#### DATA UNDER STUDY ####

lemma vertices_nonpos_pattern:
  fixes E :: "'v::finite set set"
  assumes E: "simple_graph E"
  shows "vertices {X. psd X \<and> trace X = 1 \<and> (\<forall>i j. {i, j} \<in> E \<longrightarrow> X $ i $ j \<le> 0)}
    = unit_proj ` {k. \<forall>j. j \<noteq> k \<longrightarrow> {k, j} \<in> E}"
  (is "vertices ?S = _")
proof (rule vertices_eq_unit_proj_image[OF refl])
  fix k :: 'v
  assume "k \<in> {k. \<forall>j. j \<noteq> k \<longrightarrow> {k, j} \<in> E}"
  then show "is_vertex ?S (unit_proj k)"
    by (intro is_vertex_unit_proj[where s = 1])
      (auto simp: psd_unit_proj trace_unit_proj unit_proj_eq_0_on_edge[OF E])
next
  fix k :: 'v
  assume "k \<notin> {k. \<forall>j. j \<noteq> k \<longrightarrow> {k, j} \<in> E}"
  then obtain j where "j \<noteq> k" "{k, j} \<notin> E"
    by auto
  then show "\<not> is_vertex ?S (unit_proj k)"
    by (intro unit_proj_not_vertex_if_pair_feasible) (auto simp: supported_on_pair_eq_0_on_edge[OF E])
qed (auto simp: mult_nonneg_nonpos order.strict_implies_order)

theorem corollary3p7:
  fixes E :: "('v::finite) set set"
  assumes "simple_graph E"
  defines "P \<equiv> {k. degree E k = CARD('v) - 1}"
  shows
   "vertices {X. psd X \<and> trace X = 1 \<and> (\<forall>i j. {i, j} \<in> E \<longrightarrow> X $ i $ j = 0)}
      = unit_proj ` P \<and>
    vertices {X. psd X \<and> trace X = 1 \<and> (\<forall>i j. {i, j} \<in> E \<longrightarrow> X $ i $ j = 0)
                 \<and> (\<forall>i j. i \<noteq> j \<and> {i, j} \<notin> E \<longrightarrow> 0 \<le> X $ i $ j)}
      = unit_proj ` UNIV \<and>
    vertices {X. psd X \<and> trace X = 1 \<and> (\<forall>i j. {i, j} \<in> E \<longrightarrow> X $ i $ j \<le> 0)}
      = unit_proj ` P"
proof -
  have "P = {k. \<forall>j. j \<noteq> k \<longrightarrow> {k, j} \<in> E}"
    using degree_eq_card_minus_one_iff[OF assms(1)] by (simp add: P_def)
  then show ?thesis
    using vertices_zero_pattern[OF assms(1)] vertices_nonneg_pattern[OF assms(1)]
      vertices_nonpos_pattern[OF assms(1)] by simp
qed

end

####

WHAT TO PRODUCE —
Wherever the string "then" occurs in the records, copy the line it is in.

RESULT OF THIS TASK —
  then show "is_vertex ?S (unit_proj k)"
  then obtain j where "j \<noteq> k" "{k, j} \<notin> E"
  then show "\<not> is_vertex ?S (unit_proj k)"
  then show ?thesis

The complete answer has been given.